Gusties really disappointed with their dominant, yet losing effort to Wisconsin Stout on Saturday. They are pushing hard to join Bethel and St. John’s in the top tier, but continue to get in their own way. It looks like Covid/inflation/fundraising has delayed the final phase of their facilities upgrades (including the pending indoor practice facility), so if they are going to complete the upward leap, they are going to have to do it on a more level facility playing field.
I'd say the Gusties have been ahead of Bethel in the facilites race for 15 years now since the new stadium opened. I really don't think you can spend your way to the next level, just takes some special teams to win the big games and then the recruiting will follow.
 


I'd say the Gusties have been ahead of Bethel in the facilites race for 15 years now since the new stadium opened. I really don't think you can spend your way to the next level, just takes some special teams to win the big games and then the recruiting will follow.

Nonetheless, spending is important. Very important. Not just facilities, though.
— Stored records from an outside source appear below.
(* Consider a system with a finite set $S$ of tasks, periods $\tau_X$, frame length $T=\mathrm{lcm}\{\tau_X : X\in S\}$ and per-execution rewards $r^1_X\ge r^2_X\ge\dots\ge r^{\tau_X}_X\ge 0$ (as in the context). Let $n=(n^i_X)_{X\in S,\,1\le i\le\tau_X}$ be a vector of integers satisfying $0\le n^i_X\le T/\tau_X$ for all $X\in S$, $1\le i\le \tau_X$, and $\sum_{X\in S}\sum_{i=1}^{\tau_X} n^i_X\le T$. Then there exists a scheduling policy under which the average reward of every task $X\in S$ satisfies $q_X\ge\sum_{i=1}^{\tau_X} n^i_X r^i_X$.
   Context: A system consists of a finite set $S$ of tasks. Time is slotted, $t\in\{0,1,2,\dots\}$. Each task $X\in S$ has a period $\tau_X$ (a positive integer); time is partitioned into consecutive periods of $X$ of $\tau_X$ slots each, the first starting at $t=0$. In each period, task $X$ has one job, which is removed from the system at the end of that period. Let $T$ be the least common multiple of $\{\tau_X : X\in S\}$; time is partitioned into consecutive frames of $T$ slots each, the first starting at $t=0$. A scheduling policy chooses in each time slot either to idle or to execute the job of exactly one task; a job may be executed in any number of slots within its period. Each task $X$ has rewards $r^1_X\ge r^2_X\ge\dots\ge r^{\tau_X}_X\ge 0$: when the job of $X$ is executed for the $i$-th time within a period, $X$ obtains reward $r^i_X$. Let $s_X(t)$ be the total reward obtained by $X$ between time $0$ and time $t$; the average reward of $X$ is $q_X=\liminf_{t\to\infty} s_X(t)/(t/T)$. *)

theory Defs
  imports "HOL-Analysis.Analysis" "HOL-Library.Liminf_Limsup"
begin

text \<open>A schedule assigns to each time slot either idling (None) or one task (Some X).\<close>
type_synonym 'a schedule = "nat \<Rightarrow> 'a option"

definition valid_schedule :: "'a set \<Rightarrow> 'a schedule \<Rightarrow> bool" where
  "valid_schedule S \<sigma> \<longleftrightarrow> (\<forall>t X. \<sigma> t = Some X \<longrightarrow> X \<in> S)"

definition frame_len :: "'a set \<Rightarrow> ('a \<Rightarrow> nat) \<Rightarrow> nat" where
  "frame_len S tau = Lcm (tau ` S)"

definition exec_index :: "('a \<Rightarrow> nat) \<Rightarrow> 'a schedule \<Rightarrow> 'a \<Rightarrow> nat \<Rightarrow> nat" where
  "exec_index tau \<sigma> X t =
     card {s. (t div tau X) * tau X \<le> s \<and> s \<le> t \<and> \<sigma> s = Some X}"

definition slot_reward ::
  "('a \<Rightarrow> nat) \<Rightarrow> ('a \<Rightarrow> nat \<Rightarrow> real) \<Rightarrow> 'a schedule \<Rightarrow> 'a \<Rightarrow> nat \<Rightarrow> real" where
  "slot_reward tau r \<sigma> X t = (if \<sigma> t = Some X then r X (exec_index tau \<sigma> X t) else 0)"

definition total_reward ::
  "('a \<Rightarrow> nat) \<Rightarrow> ('a \<Rightarrow> nat \<Rightarrow> real) \<Rightarrow> 'a schedule \<Rightarrow> 'a \<Rightarrow> nat \<Rightarrow> real" where
  "total_reward tau r \<sigma> X t = (\<Sum>s<t. slot_reward tau r \<sigma> X s)"

definition avg_reward ::
  "'a set \<Rightarrow> ('a \<Rightarrow> nat) \<Rightarrow> ('a \<Rightarrow> nat \<Rightarrow> real) \<Rightarrow> 'a schedule \<Rightarrow> 'a \<Rightarrow> ereal" where
  "avg_reward S tau r \<sigma> X =
     liminf (\<lambda>t. ereal (total_reward tau r \<sigma> X t / (real t / real (frame_len S tau))))"

end

theory Submission
  imports Defs
begin

text \<open>
  Let \<open>m\<^sub>X = T / \<tau>\<^sub>X\<close> be the number of periods of \<open>X\<close> in a frame and write
  \<open>N\<^sub>X = \<Sum>\<^sub>i n\<^sup>i\<^sub>X = q\<^sub>X m\<^sub>X + s\<^sub>X\<close> with \<open>s\<^sub>X < m\<^sub>X\<close>. If in every frame \<open>X\<close> is executed
  at least \<open>q\<^sub>X\<close> times in each of its periods and more often in at least \<open>s\<^sub>X\<close> of them, then,
  since the rewards decrease and \<open>n\<^sup>i\<^sub>X \<le> m\<^sub>X\<close>, an exchange argument shows that each frame earns
  \<open>X\<close> at least \<open>m\<^sub>X \<Sum>\<^bsub>i\<le>q\<^sub>X\<^esub> r\<^sup>i\<^sub>X + s\<^sub>X r\<^sup>q\<^sup>+\<^sup>1\<^sub>X \<ge> \<Sum>\<^sub>i n\<^sup>i\<^sub>X r\<^sup>i\<^sub>X\<close>, which gives
  the bound on the liminf.

  Such a frame exists by Hall's theorem. The jobs \<open>(X, p, k)\<close>, \<open>k \<le> q\<^sub>X\<close>, are matched to
  slots of period \<open>p\<close> of \<open>X\<close>; the optional jobs \<open>k = q\<^sub>X\<close> may instead be matched to one of
  \<open>m\<^sub>X - s\<^sub>X\<close> dummy vertices. Letting every job spread weight \<open>T\<close> over its candidates loads
  each slot with at most \<open>\<Sum>\<^sub>X N\<^sub>X \<le> T\<close> and each dummy with exactly \<open>T\<close>, and double
  counting yields Hall's condition. The policy repeats the matched frame forever.
\<close>

definition hall_condition :: "'i set \<Rightarrow> ('i \<Rightarrow> 'b set) \<Rightarrow> bool" where
  "hall_condition I A \<longleftrightarrow> (\<forall>J\<subseteq>I. card J \<le> card (\<Union>(A ` J)))"

lemma hall_condition_subset: "hall_condition I A \<Longrightarrow> J \<subseteq> I \<Longrightarrow> hall_condition J A"
  by (auto simp: hall_condition_def)

lemma hall_condition_remove_critical:
  assumes fin: "finite I" "\<forall>i\<in>I. finite (A i)" and hall: "hall_condition I A"
    and J: "J \<subseteq> I" "card (\<Union>(A ` J)) = card J"
  shows "hall_condition (I - J) (\<lambda>i. A i - \<Union>(A ` J))"
  unfolding hall_condition_def
proof (intro allI impI)
  fix K assume K: "K \<subseteq> I - J"
  let ?U = "\<Union>(A ` J)" and ?B = "\<Union>i\<in>K. A i - \<Union>(A ` J)"
  have finK: "finite K" using K fin(1) by (meson Diff_subset finite_subset subset_trans)
  have finJ: "finite J" using J(1) fin(1) by (rule finite_subset)
  have finU: "finite ?U" using finJ J fin(2) by auto
  have finB: "finite ?B"
    by (rule finite_subset[of _ "\<Union>(A ` K)"]) (use finK K fin(2) in auto)
  have "card K + card J = card (K \<union> J)"
    using K finK finJ by (subst card_Un_disjoint) auto
  also have "\<dots> \<le> card (\<Union>(A ` (K \<union> J)))"
    by (intro hall[unfolded hall_condition_def, rule_format]) (use K J in auto)
  also have "\<Union>(A ` (K \<union> J)) = ?B \<union> ?U" by auto
  also have "card (?B \<union> ?U) = card ?B + card J"
    using finB finU J by (subst card_Un_disjoint) auto
  finally show "card K \<le> card ?B" by simp
qed

lemma hall_condition_remove_one:
  assumes fin: "finite I" "\<forall>i\<in>I. finite (A i)" and hall: "hall_condition I A"
    and no_critical: "\<forall>J. J \<subseteq> I \<and> J \<noteq> {} \<and> J \<noteq> I \<longrightarrow> card (\<Union>(A ` J)) \<noteq> card J"
    and i0: "i0 \<in> I"
  shows "hall_condition (I - {i0}) (\<lambda>i. A i - {x})"
  unfolding hall_condition_def
proof (intro allI impI)
  fix K assume K: "K \<subseteq> I - {i0}"
  show "card K \<le> card (\<Union>i\<in>K. A i - {x})"
  proof (cases "K = {}")
    case False
    have "finite K" using K fin(1) by (meson Diff_subset finite_subset subset_trans)
    then have "finite (\<Union>(A ` K))" using K fin(2) by auto
    moreover have "card K < card (\<Union>(A ` K))"
    proof -
      have "card K \<le> card (\<Union>(A ` K))" using hall K unfolding hall_condition_def by blast
      moreover have "card (\<Union>(A ` K)) \<noteq> card K" using no_critical K i0 False by blast
      ultimately show ?thesis by simp
    qed
    moreover have "card (\<Union>(A ` K)) - card {x} \<le> card (\<Union>(A ` K) - {x})"
      by (rule diff_card_le_card_Diff) simp
    moreover have "(\<Union>i\<in>K. A i - {x}) = \<Union>(A ` K) - {x}" by auto
    ultimately show ?thesis by simp
  qed simp
qed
D3 administrations need to be creative and flexible in finding scholarship money that athletes can utilize while still remaining in compliance. E.g. leadership schollies, inner city student money, etc. It can be expensive on its face, but strong football and basketball teams bring notoriety and desirability to a school that is hard to quantify. A lot of schools, probably most, won't invest the necessary funds to get to that next level.
 



On that Gustavus highlight - I admit this is a nitpick, but I do not consider that a "Hail Mary" pass.

It was a long pass late in the game, but I generally think of a "hail mary" pass as a desperation heave into the end zone on the last play of the game or with time running out.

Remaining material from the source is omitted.